** Task data **
lemma mi_XY_Z_rate_split:
  "mi P (\<lambda>(x, y, z). (x, y)) (\<lambda>(x, y, z). z) =
     cmi p (\<lambda>(u, v, x, z). x) (\<lambda>(u, v, x, z). z) (\<lambda>(u, v, x, z). u)
   + mi p (\<lambda>(u, v, x, z). u) (\<lambda>(u, v, x, z). z)
   + cmi p (\<lambda>(u, v, x, z). v) (\<lambda>(u, v, x, z). z) (\<lambda>(u, v, x, z). (u, x))"
proof -
  have "mi p (\<lambda>(u, v, x, z). ((u, x), v)) (\<lambda>(u, v, x, z). z)
      = mi p (\<lambda>(u, v, x, z). (u, x)) (\<lambda>(u, v, x, z). z)
        + cmi p (\<lambda>(u, v, x, z). v) (\<lambda>(u, v, x, z). z) (\<lambda>(u, v, x, z). (u, x))"
    by (rule mi_chain[OF p_nonneg p_sum]) auto
  moreover have "mi p (\<lambda>(u, v, x, z). (u, x)) (\<lambda>(u, v, x, z). z)
      = mi p (\<lambda>(u, v, x, z). u) (\<lambda>(u, v, x, z). z)
        + cmi p (\<lambda>(u, v, x, z). x) (\<lambda>(u, v, x, z). z) (\<lambda>(u, v, x, z). u)"
    by (rule mi_chain[OF p_nonneg p_sum]) auto
  ultimately show ?thesis using mi_XY_Z_eq_mi_UXV_Z by linarith
qed

lemma cmi_XZ_given_U:
  "cmi p (\<lambda>(u, v, x, z). x) (\<lambda>(u, v, x, z). z) (\<lambda>(u, v, x, z). u)
   = (1 - pU False) * channel_mi pX (mixed_channel q 1)
     + pU False * channel_mi pX (mixed_channel q (pV True))"
proof -
  define T where "T u x z = (\<Sum>v\<in>UNIV. pV v * q x (max u v) z)" for u x z
  have T_nonneg: "0 \<le> T u x z" for u x z
    unfolding T_def using pV q by (auto simp: is_pmf_nonneg intro!: sum_nonneg)
  have "cmi p (\<lambda>(u, v, x, z). x) (\<lambda>(u, v, x, z). z) (\<lambda>(u, v, x, z). u)
      = cmi (\<lambda>(u, x, z). pU u * pX x * T u x z) (\<lambda>(u, x, z). x) (\<lambda>(u, x, z). z) (\<lambda>(u, x, z). u)"
  proof (rule cmi_pushforward[where g = "\<lambda>(u, v, x, z). (u, x, z)"])
    show "0 \<le> (case w of (u, x, z) \<Rightarrow> pU u * pX x * T u x z)" for w
      using pU pX T_nonneg by (auto simp: is_pmf_nonneg split: prod.split)
    show "(\<Sum>w\<in>UNIV. p w * h (case w of (u, v, x, z) \<Rightarrow> (u, x, z)))
        = (\<Sum>w\<in>UNIV. (case w of (u, x, z) \<Rightarrow> pU u * pX x * T u x z) * h w)" for h
      unfolding joint_uvxz_def T_def
      by (simp add: sum_UNIV_prod sum_UNIV_bool sum.distrib algebra_simps)
  qed (auto simp: p_nonneg)
  also have "\<dots> = (\<Sum>u\<in>UNIV. pU u * channel_mi pX (T u))"
  proof (rule cmi_product_channel[OF sum_pX])
    show "sum (T u x) UNIV = 1" for u x
    proof -
      have "sum (T u x) UNIV = (\<Sum>v\<in>UNIV. pV v * sum (q x (max u v)) UNIV)"
        unfolding T_def by (subst sum.swap) (simp add: sum_distrib_left)
      then show ?thesis using pV by (simp add: sum_q is_pmf_def)
    qed
  qed
  also have "\<dots> = (1 - pU False) * channel_mi pX (mixed_channel q 1)
      + pU False * channel_mi pX (mixed_channel q (pV True))"
  proof -
    have "T True = mixed_channel q 1" "T False = mixed_channel q (pV True)"
      unfolding T_def mixed_channel_def
      by (auto simp: sum_UNIV_bool is_pmf_False[OF pV] fun_eq_iff algebra_simps)
    then show ?thesis using is_pmf_False[OF pU] by (simp add: sum_UNIV_bool)
  qed
  finally show ?thesis .
qed
text \<open>The only place where the presentation of \<open>W\<close> is used.\<close>
lemma refl_word_act_well_defined:
  assumes u: "set u \<subseteq> S" and v: "set v \<subseteq> S" and e: "word_eval G u = word_eval G v"
  shows "refl_word_act u = refl_word_act v"
proof
  fix p
  have "word_eval G (rev v @ u) = word_eval G (rev v) \<otimes> word_eval G v"
    using e u v gens_word_closed by (simp add: word_eval_append)
  also have "\<dots> = \<one>" using word_eval_rev_mult[OF v] .
  finally have "cox_eq G S (rev v @ u) []" using relations_complete u v by auto
  then have "refl_word_act (rev v @ u) = refl_word_act []"
    using refl_word_act_cox_eq u v by auto
  then have "refl_word_act (rev v) (refl_word_act u p) = p"
    by (metis comp_apply id_apply refl_word_act_Nil refl_word_act_append)
  then show "refl_word_act u p = refl_word_act v p" using refl_word_act_rev[OF v, of "refl_word_act u p"] by simp
qed

definition inversion_parity :: "'a list \<Rightarrow> 'a \<Rightarrow> bool" where
  "inversion_parity u y \<longleftrightarrow> odd (count_list (right_reflections u) y)"

lemma inversion_parity_well_defined:
  "set u \<subseteq> S \<Longrightarrow> set v \<subseteq> S \<Longrightarrow> word_eval G u = word_eval G v \<Longrightarrow> y \<in> carrier G \<Longrightarrow>
   inversion_parity u y \<longleftrightarrow> inversion_parity v y"
  using refl_word_act_well_defined[of u v] refl_word_act_eq[of u y False] refl_word_act_eq[of v y False]
  unfolding inversion_parity_def by auto
lemma gam_ratio_ge_if_ln_info_compl_small:
  assumes "1 \<le> B" "(B + 1) * s = 1 / 2"
    and small: "\<And>eps. 0 < eps \<Longrightarrow> eps < 1 \<Longrightarrow>
      ln (info_compl lam gam j eps) < sqrt (real j) + ln (1 / eps) powr s"
    and j: "2 \<le> j" "(1 + ((2 + ln (1 / lam 2)) / 2) powr s) / ln 2 < sqrt (real j)"
  shows "B \<le> ln (ln (1 / gam j)) / ln (real j)"
proof (rule ccontr)
  define K where "K = (2 + ln (1 / lam 2)) / 2"
  assume "\<not> B \<le> ln (ln (1 / gam j)) / ln (real j)"
  then have "ln (1 / gam j) \<le> real j powr B"
    using j(1) gam_pos[of j] gam_le_1[of j] by (intro ln_inverse_le_powr_if_ln_ln_ratio_le) auto
  obtain eps where eps: "0 < eps" "eps < 1"
    "ln (1 / eps) = (ln 2 + real j * (ln (1 / gam j) + ln (1 / lam 2))) / 2"
    "2 ^ j \<le> info_compl lam gam j eps"
    using info_compl_dim_ge_two_power[of j] j(1) by auto
  have "ln (1 / eps) \<le> K * real j powr (B + 1)"
    unfolding eps(3) K_def using j(1) \<open>1 \<le> B\<close> lam2 lam_le_1[of 2] \<open>ln (1 / gam j) \<le> _\<close>
    by (intro ln2_add_le_powr) auto
  moreover have "0 < s"
    using assms(1,2) zero_less_mult_iff[of "B + 1" s] by simp
  ultimately have "ln (1 / eps) powr s \<le> (K * real j powr (B + 1)) powr s"
    using eps(1,2) by (intro powr_mono2) auto
  also have "\<dots> = K powr s * sqrt (real j)"
    using assms(2) by (simp only: powr_mult powr_powr) (simp add: powr_half_sqrt)
  finally have "ln (1 / eps) powr s \<le> K powr s * sqrt (real j)" .
  have "sqrt (real j) * (sqrt (real j) * ln 2) = ln (2 ^ j)"
    by (simp add: ln_realpow)
  also have "\<dots> \<le> ln (info_compl lam gam j eps)"
    using eps(4) by (intro ln_mono) (simp_all flip: of_nat_power)
  also have "\<dots> < sqrt (real j) + ln (1 / eps) powr s"
    using small[OF eps(1,2)] .
  also have "\<dots> \<le> sqrt (real j) * (1 + K powr s)"
    using \<open>ln (1 / eps) powr s \<le> K powr s * sqrt (real j)\<close> by (simp add: algebra_simps)
  finally have "sqrt (real j) * ln 2 < 1 + K powr s"
    using j(1) by simp
  then show False
    using j(2) by (simp add: K_def field_simps)
qed
lemma lx_powr_eq:
  assumes "\<not> eventually_periodic x" and "\<forall>i. y (i + m) = x (i + n)"
  shows "lx x y powr \<beta> = exp (\<beta> * (real n - real m))"
proof -
  have "lx x y = exp (- (real m - real n))"
    unfolding lx_def
  proof (rule the_equality)
    fix c assume "\<exists>n' m'. (\<forall>i. y (i + m') = x (i + n')) \<and> c = exp (- (real m' - real n'))"
    then obtain n' m' where "\<forall>i. y (i + m') = x (i + n')" and c: "c = exp (- (real m' - real n'))"
      by blast
    then have "m + n' = m' + n"
      using shift_offsets_eq assms by blast
    then show "c = exp (- (real m - real n))"
      proof -
      have "real m - real n = real m' - real n'"
        using \<open>m + n' = m' + n\<close> by (simp add: algebra_simps flip: of_nat_add)
      then show ?thesis
        by (simp add: c)
    qed
  qed (use assms(2) in blast)
  then show ?thesis
    by (simp add: powr_def algebra_simps)
qed

lemma sum_exp_suffix_lengths_le:
  fixes \<beta> a :: real
  assumes "\<beta> < 0"
  shows "(\<Sum>k\<le>L. exp (\<beta> * (a - real (L - k)))) \<le> exp (\<beta> * (a - real L)) / (1 - exp \<beta>)"
proof -
  have q: "exp \<beta> < 1"
    using assms by simp
  have "(\<Sum>k\<le>L. exp (\<beta> * (a - real (L - k)))) = exp (\<beta> * (a - real L)) * (\<Sum>k<Suc L. exp \<beta> ^ k)"
    unfolding sum_distrib_left lessThan_Suc_atMost
  proof (rule sum.cong)
    fix k assume "k \<in> {..L}"
    then have "\<beta> * (a - real (L - k)) = \<beta> * (a - real L) + real k * \<beta>"
      by (simp add: algebra_simps)
    then show "exp (\<beta> * (a - real (L - k))) = exp (\<beta> * (a - real L)) * exp \<beta> ^ k"
      by (simp add: exp_add exp_of_nat_mult)
  qed simp
  also have "(\<Sum>k<Suc L. exp \<beta> ^ k) = (1 - exp \<beta> ^ Suc L) / (1 - exp \<beta>)"
    using q by (simp only: sum_gp_strict) simp
  also have "\<dots> \<le> 1 / (1 - exp \<beta>)"
    using q by (intro divide_right_mono) auto
  finally show ?thesis
    by (simp add: mult_left_mono)
qed

lemma incseq_comparable_limit_finite_iff:
  fixes f g :: "nat \<Rightarrow> ennreal"
  assumes "incseq f" and "\<And>n. f n \<le> g n" and "\<And>n. g n \<le> C * f n" and "C < \<infinity>"
  shows "(SUP n. g n) < \<infinity> \<longleftrightarrow> (\<exists>L. f \<longlonglongrightarrow> L \<and> L < \<infinity>)"
proof -
  have lim: "f \<longlonglongrightarrow> (SUP n. f n)"
    using assms(1) by (rule LIMSEQ_SUP)
  have "(SUP n. f n) \<le> (SUP n. g n)"
    using assms(2) by (intro SUP_mono) auto
  moreover have "(SUP n. g n) \<le> C * (SUP n. f n)"
    using assms(3) by (intro SUP_least) (meson SUP_upper UNIV_I mult_left_mono order_trans zero_le)
  moreover have "C * (SUP n. f n) < \<infinity>" if "(SUP n. f n) < \<infinity>"
    using that assms(4) by (simp add: ennreal_mult_less_top)
  ultimately have "(SUP n. g n) < \<infinity> \<longleftrightarrow> (SUP n. f n) < \<infinity>"
    by (meson le_less_trans)
  also have "\<dots> \<longleftrightarrow> (\<exists>L. f \<longlonglongrightarrow> L \<and> L < \<infinity>)"
    using lim LIMSEQ_unique by blast
  finally show ?thesis .
qed

definition path_weight :: "real \<Rightarrow> nat \<Rightarrow> 'v \<times> 'e list \<Rightarrow> ennreal" where
  "path_weight \<beta> n \<mu> = ennreal (exp (\<beta> * (real n - real (flen \<mu>))))"

locale acyclic_ancestry =
  fixes s r :: "'e \<Rightarrow> 'v" and x :: "nat \<Rightarrow> 'e"
  assumes ipath: "is_ipath s r x"
    and acyclic: "no_cycles_in s r (Vx s r x)"
    and finite_off_ray: "finite (Vx s r x - Wx s x)"
begin

abbreviation S :: "'v set" where
  "S \<equiv> Vx s r x"

definition v :: "nat \<Rightarrow> 'v" where
  "v n = s (x n)"

lemma v_in_S: "v n \<in> S"
  unfolding v_def using Vx_iff_reaches reaches_refl by metis

lemma reaches_in_S: "reaches s r u w \<Longrightarrow> w \<in> S \<Longrightarrow> u \<in> S"
  using Vx_iff_reaches reaches_trans by metis

lemma path_edges_in_S: "is_fpath s r (u, es) \<Longrightarrow> frng r (u, es) \<in> S \<Longrightarrow> set es \<subseteq> sub_edges s r S"
proof (induction es arbitrary: u)
  case (Cons e es)
  have se: "s e = u" and p: "is_fpath s r (r e, es)" and rng: "frng r (r e, es) \<in> S"
    using Cons.prems by (auto simp: is_fpath_Cons)
  have "r e \<in> S" "u \<in> S"
    using reaches_in_S Cons.prems p rng unfolding reaches_def by blast+
  then show ?case
    using Cons.IH[OF p rng] se by (auto simp: sub_edges_def)
qed simp

lemma returning_path_Nil:
  assumes "is_fpath s r (u, es)" and "reaches s r (frng r (u, es)) u" and "u \<in> S"
  shows "es = []"
proof -
  obtain es' where es': "is_fpath s r (frng r (u, es), es')" "frng r (frng r (u, es), es') = u"
    using assms(2) unfolding reaches_def by blast
  have cycle: "is_fpath s r (u, es @ es')" "frng r (u, es @ es') = u"
    using assms(1) es' by (simp_all add: is_fpath_append frng_append)
  moreover have "set (es @ es') \<subseteq> sub_edges s r S"
    using path_edges_in_S cycle assms(3) by metis
  ultimately have "\<not> flen (u, es @ es') > 0"
    using acyclic assms(3) unfolding no_cycles_in_def fsrc_def by (metis fst_conv snd_conv)
  then show ?thesis
    by (simp add: flen_def)
qed

lemma v_less_neq: "i < j \<Longrightarrow> v i \<noteq> v j"
proof
  assume "i < j" "v i = v j"
  then have "is_fpath s r (v i, map x [i..<j])" "frng r (v i, map x [i..<j]) = v i"
    using is_ipath_segment[OF ipath, of i "j - i"] by (simp_all add: v_def)
  then have "map x [i..<j] = []"
    using returning_path_Nil reaches_refl v_in_S by metis
  then show False
    using \<open>i < j\<close> by simp
qed

lemma inj_v: "inj v"
proof (rule injI)
  fix i j assume "v i = v j"
  then show "i = j"
    using v_less_neq by (metis linorder_neqE_nat)
qed

lemma not_eventually_periodic: "\<not> eventually_periodic x"
proof
  assume "eventually_periodic x"
  then obtain p N where "p > 0" "\<forall>i\<ge>N. x (i + p) = x i"
    unfolding eventually_periodic_def by blast
  then have "v (N + p) = v N"
    by (simp add: v_def)
  then have "N + p = N"
    using inj_v by (simp add: inj_eq)
  then show False
    using \<open>p > 0\<close> by simp
qed

lemma finite_ancestors:
  assumes "w \<in> S"
  shows "finite (ancestors s r w)"
proof -
  obtain N where wN: "reaches s r w (v N)"
    using assms Vx_iff_reaches unfolding v_def by metis
  have "ancestors s r w \<subseteq> (S - Wx s x) \<union> v ` {..N}"
  proof
    fix u assume "u \<in> ancestors s r w"
    then have uN: "reaches s r u (v N)"
      using wN reaches_trans by (auto simp: ancestors_def)
    show "u \<in> (S - Wx s x) \<union> v ` {..N}"
    proof (cases "u \<in> Wx s x")
      case True
      then obtain j where uj: "u = v j"
        by (auto simp: Wx_def v_def)
      have "j \<le> N"
      proof (rule ccontr)
        assume "\<not> j \<le> N"
        then have "is_fpath s r (v N, map x [N..<j])" "frng r (v N, map x [N..<j]) = u"
          using is_ipath_segment[OF ipath, of N "j - N"] uj by (simp_all add: v_def)
        then have "map x [N..<j] = []"
          using returning_path_Nil uN v_in_S by metis
        then show False
          using \<open>\<not> j \<le> N\<close> by simp
      qed
      then show ?thesis
        using uj by auto
    qed (use uN reaches_in_S v_in_S in blast)
  qed
  then show ?thesis
    using finite_off_ray by (simp add: finite_subset)
qed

** Action item **
Copy each line of the records that contains the word "blast".

** Answer to this problem **
      by blast
      using shift_offsets_eq assms by blast
  qed (use assms(2) in blast)
    using lim LIMSEQ_unique by blast
    using reaches_in_S Cons.prems p rng unfolding reaches_def by blast+
    using assms(2) unfolding reaches_def by blast
    unfolding eventually_periodic_def by blast
    qed (use uN reaches_in_S v_in_S in blast)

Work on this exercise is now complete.